# Task goal
In the data below, the answer is the run of lines from the line containing "steps, so the" through the line containing "rev (sorted_list_of_set G)", both included; print it exactly and nothing else.

---+---

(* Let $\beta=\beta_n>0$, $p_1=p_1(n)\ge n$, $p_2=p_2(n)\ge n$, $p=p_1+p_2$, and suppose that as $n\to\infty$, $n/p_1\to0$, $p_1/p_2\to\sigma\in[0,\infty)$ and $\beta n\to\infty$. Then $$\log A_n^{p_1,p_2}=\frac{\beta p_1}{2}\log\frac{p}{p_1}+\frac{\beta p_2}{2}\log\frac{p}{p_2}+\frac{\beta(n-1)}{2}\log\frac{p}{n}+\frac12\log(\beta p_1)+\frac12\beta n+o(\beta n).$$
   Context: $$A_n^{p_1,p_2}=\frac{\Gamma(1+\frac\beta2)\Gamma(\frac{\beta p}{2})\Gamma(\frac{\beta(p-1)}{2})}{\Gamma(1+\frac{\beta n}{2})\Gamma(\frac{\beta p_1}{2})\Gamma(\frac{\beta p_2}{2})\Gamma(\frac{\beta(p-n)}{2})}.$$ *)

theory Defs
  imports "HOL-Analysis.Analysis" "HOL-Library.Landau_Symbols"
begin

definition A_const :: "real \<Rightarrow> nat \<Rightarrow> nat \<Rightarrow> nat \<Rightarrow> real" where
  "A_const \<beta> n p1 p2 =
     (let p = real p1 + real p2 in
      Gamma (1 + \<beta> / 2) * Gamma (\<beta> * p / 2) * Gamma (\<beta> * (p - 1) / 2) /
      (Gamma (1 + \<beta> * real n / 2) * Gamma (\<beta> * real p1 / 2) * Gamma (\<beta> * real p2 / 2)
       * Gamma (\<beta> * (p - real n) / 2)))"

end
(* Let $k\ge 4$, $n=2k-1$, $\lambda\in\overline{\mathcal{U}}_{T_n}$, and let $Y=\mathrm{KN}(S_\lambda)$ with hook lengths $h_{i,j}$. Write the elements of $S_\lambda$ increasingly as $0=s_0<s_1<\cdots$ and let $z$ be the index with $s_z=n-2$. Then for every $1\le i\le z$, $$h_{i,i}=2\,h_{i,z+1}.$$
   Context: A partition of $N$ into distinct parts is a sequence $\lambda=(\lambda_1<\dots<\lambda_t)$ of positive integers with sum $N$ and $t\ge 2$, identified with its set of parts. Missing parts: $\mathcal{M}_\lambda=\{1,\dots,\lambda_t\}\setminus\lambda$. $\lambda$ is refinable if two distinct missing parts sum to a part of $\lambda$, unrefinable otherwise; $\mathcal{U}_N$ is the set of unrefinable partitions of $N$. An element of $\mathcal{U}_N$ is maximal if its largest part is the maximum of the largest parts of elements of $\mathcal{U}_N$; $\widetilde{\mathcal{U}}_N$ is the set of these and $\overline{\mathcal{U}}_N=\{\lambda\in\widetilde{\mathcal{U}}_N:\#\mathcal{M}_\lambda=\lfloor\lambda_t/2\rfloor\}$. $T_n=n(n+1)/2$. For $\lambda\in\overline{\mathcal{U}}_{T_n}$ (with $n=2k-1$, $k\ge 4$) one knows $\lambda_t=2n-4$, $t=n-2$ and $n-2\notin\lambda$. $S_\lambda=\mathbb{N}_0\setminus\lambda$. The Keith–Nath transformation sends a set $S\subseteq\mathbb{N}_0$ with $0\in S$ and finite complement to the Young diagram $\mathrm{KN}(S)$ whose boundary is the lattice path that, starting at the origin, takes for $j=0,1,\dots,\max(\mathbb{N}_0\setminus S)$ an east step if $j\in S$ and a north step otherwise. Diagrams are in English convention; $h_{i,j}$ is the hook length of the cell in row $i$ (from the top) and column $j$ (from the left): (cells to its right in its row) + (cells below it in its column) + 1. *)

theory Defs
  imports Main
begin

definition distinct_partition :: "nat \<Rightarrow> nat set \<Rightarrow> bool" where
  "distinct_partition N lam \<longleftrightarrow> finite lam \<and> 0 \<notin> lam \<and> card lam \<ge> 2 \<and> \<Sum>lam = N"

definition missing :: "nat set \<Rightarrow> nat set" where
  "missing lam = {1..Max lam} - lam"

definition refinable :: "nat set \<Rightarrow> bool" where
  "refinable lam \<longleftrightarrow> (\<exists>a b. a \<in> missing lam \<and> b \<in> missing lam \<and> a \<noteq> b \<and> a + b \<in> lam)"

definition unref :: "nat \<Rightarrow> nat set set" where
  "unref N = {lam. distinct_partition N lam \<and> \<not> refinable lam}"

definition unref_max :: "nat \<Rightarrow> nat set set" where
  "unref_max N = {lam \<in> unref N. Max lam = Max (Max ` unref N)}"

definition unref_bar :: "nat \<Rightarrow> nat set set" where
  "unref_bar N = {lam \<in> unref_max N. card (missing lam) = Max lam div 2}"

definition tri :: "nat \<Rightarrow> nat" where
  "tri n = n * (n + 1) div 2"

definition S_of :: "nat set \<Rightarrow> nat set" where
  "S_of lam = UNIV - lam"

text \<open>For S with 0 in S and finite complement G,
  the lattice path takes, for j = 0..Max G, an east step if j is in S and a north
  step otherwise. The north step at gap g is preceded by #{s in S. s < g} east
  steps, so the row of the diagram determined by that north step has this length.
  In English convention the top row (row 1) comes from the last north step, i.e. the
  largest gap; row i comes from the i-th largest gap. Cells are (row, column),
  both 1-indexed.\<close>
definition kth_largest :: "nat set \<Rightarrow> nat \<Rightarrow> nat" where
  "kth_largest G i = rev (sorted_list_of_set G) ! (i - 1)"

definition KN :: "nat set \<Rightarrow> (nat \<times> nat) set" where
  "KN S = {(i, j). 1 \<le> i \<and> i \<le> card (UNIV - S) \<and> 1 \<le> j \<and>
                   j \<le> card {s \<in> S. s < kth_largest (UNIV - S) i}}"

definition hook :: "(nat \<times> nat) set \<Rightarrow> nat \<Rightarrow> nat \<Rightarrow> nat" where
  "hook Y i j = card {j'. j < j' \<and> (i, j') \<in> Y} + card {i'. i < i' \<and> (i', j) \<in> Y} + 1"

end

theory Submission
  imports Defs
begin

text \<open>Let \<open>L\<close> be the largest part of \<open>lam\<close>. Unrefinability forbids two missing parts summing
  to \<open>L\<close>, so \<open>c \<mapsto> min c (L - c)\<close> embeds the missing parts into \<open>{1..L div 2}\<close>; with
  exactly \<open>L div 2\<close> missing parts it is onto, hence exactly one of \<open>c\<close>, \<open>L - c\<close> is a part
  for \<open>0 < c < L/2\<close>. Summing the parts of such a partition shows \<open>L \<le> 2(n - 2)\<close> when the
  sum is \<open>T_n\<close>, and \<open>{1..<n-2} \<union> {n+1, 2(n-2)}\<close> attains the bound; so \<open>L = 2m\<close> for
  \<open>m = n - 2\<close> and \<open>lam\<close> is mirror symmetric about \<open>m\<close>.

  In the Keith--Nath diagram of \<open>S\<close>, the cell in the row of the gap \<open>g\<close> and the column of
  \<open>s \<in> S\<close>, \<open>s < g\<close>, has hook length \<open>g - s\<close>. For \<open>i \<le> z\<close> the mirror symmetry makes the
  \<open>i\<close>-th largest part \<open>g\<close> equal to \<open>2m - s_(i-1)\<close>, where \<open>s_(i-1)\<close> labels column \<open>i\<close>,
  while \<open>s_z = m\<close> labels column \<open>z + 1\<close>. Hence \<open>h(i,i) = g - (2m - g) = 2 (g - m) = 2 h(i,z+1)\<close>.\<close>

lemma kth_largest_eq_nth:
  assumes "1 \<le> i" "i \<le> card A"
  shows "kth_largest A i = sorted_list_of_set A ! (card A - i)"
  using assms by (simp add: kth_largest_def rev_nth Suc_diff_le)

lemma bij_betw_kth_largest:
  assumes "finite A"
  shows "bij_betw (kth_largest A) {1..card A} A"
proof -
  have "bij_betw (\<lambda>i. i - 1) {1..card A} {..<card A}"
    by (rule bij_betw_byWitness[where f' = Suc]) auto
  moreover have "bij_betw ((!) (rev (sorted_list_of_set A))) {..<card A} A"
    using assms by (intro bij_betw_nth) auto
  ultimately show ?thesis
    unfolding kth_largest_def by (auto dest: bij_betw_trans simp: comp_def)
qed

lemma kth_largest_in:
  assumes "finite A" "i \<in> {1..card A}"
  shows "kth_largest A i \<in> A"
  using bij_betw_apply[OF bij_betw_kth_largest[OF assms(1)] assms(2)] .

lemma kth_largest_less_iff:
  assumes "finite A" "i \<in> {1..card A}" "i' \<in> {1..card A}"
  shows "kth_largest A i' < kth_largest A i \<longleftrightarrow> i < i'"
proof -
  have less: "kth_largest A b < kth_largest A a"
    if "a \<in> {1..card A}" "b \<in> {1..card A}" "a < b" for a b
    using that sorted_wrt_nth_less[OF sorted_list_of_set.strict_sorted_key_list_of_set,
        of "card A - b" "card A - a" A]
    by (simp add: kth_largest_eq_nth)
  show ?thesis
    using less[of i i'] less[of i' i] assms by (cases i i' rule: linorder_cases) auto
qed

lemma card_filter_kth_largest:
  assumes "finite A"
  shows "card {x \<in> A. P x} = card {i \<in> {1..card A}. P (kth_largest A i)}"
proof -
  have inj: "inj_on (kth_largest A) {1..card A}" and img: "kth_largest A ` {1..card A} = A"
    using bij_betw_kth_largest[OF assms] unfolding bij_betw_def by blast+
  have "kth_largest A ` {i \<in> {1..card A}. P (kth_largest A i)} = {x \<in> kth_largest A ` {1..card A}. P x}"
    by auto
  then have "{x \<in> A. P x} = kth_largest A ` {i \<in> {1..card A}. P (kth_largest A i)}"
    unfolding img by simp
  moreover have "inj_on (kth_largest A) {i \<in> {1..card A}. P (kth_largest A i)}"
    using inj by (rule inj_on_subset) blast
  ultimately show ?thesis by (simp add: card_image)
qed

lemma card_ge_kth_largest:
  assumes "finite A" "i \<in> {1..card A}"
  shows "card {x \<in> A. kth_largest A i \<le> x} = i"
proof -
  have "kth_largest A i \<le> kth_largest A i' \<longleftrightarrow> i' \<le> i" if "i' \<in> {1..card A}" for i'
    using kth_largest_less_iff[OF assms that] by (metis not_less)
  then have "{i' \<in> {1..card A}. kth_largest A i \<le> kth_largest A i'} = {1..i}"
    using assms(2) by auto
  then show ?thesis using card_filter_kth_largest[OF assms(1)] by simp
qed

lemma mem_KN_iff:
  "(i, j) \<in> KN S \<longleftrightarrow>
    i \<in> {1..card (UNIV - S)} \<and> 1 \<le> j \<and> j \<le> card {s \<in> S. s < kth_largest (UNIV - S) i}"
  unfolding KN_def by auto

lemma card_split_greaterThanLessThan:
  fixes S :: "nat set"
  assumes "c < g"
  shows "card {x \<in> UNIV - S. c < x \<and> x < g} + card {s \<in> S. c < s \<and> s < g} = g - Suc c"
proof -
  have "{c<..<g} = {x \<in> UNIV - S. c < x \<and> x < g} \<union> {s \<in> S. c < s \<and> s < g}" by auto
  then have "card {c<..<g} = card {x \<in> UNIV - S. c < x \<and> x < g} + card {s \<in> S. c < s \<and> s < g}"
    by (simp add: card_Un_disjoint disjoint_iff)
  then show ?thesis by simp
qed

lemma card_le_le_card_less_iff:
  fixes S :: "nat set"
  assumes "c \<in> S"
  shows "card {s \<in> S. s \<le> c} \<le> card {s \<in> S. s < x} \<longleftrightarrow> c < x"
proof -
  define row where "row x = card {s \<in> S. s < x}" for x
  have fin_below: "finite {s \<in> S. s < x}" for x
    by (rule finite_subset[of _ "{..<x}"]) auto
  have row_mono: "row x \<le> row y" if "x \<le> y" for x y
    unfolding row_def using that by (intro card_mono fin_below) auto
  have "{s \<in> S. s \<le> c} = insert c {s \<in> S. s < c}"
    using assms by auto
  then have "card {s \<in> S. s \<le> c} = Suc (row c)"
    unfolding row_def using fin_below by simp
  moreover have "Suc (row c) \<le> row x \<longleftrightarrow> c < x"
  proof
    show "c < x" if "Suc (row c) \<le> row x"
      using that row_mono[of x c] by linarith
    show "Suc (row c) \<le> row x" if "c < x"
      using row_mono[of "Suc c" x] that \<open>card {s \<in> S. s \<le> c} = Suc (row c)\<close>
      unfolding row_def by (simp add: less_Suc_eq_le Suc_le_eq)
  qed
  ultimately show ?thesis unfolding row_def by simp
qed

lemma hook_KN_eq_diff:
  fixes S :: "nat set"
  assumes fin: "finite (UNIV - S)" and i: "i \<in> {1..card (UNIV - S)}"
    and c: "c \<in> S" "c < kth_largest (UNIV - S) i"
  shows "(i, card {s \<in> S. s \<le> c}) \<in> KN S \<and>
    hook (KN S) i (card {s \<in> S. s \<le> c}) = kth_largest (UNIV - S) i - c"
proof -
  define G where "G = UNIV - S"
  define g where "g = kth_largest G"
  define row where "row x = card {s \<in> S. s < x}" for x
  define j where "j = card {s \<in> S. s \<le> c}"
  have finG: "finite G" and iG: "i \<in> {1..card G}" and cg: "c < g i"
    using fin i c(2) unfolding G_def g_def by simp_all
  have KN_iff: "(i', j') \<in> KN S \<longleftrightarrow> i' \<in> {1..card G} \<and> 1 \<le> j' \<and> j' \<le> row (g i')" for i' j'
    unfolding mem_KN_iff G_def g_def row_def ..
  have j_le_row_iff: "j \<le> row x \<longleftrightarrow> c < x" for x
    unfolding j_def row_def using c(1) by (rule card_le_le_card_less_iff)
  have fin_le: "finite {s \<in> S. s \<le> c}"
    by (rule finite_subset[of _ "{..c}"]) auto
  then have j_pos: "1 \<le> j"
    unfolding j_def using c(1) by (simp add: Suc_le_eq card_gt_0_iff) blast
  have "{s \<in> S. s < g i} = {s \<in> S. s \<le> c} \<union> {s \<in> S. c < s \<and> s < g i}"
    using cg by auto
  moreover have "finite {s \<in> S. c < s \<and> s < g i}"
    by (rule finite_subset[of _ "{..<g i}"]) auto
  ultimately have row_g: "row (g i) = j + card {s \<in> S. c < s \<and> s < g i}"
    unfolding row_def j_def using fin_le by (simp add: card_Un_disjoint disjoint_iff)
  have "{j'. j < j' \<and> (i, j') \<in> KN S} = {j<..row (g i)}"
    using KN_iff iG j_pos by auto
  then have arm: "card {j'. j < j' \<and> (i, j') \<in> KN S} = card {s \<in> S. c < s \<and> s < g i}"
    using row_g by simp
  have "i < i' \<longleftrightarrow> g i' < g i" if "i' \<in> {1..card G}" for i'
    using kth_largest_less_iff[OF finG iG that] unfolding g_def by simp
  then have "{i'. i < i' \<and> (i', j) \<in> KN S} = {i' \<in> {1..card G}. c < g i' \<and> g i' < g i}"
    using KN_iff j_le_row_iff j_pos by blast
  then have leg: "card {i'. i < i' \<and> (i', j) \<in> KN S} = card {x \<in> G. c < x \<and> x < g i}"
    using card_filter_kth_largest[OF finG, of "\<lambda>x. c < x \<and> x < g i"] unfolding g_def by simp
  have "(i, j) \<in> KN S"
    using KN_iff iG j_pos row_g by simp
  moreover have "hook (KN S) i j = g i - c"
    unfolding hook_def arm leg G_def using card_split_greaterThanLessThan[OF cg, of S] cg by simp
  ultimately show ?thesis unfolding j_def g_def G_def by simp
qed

---+---

# Completed exercise
  steps, so the row of the diagram determined by that north step has this length.
  In English convention the top row (row 1) comes from the last north step, i.e. the
  largest gap; row i comes from the i-th largest gap. Cells are (row, column),
  both 1-indexed.\<close>
definition kth_largest :: "nat set \<Rightarrow> nat \<Rightarrow> nat" where
  "kth_largest G i = rev (sorted_list_of_set G) ! (i - 1)"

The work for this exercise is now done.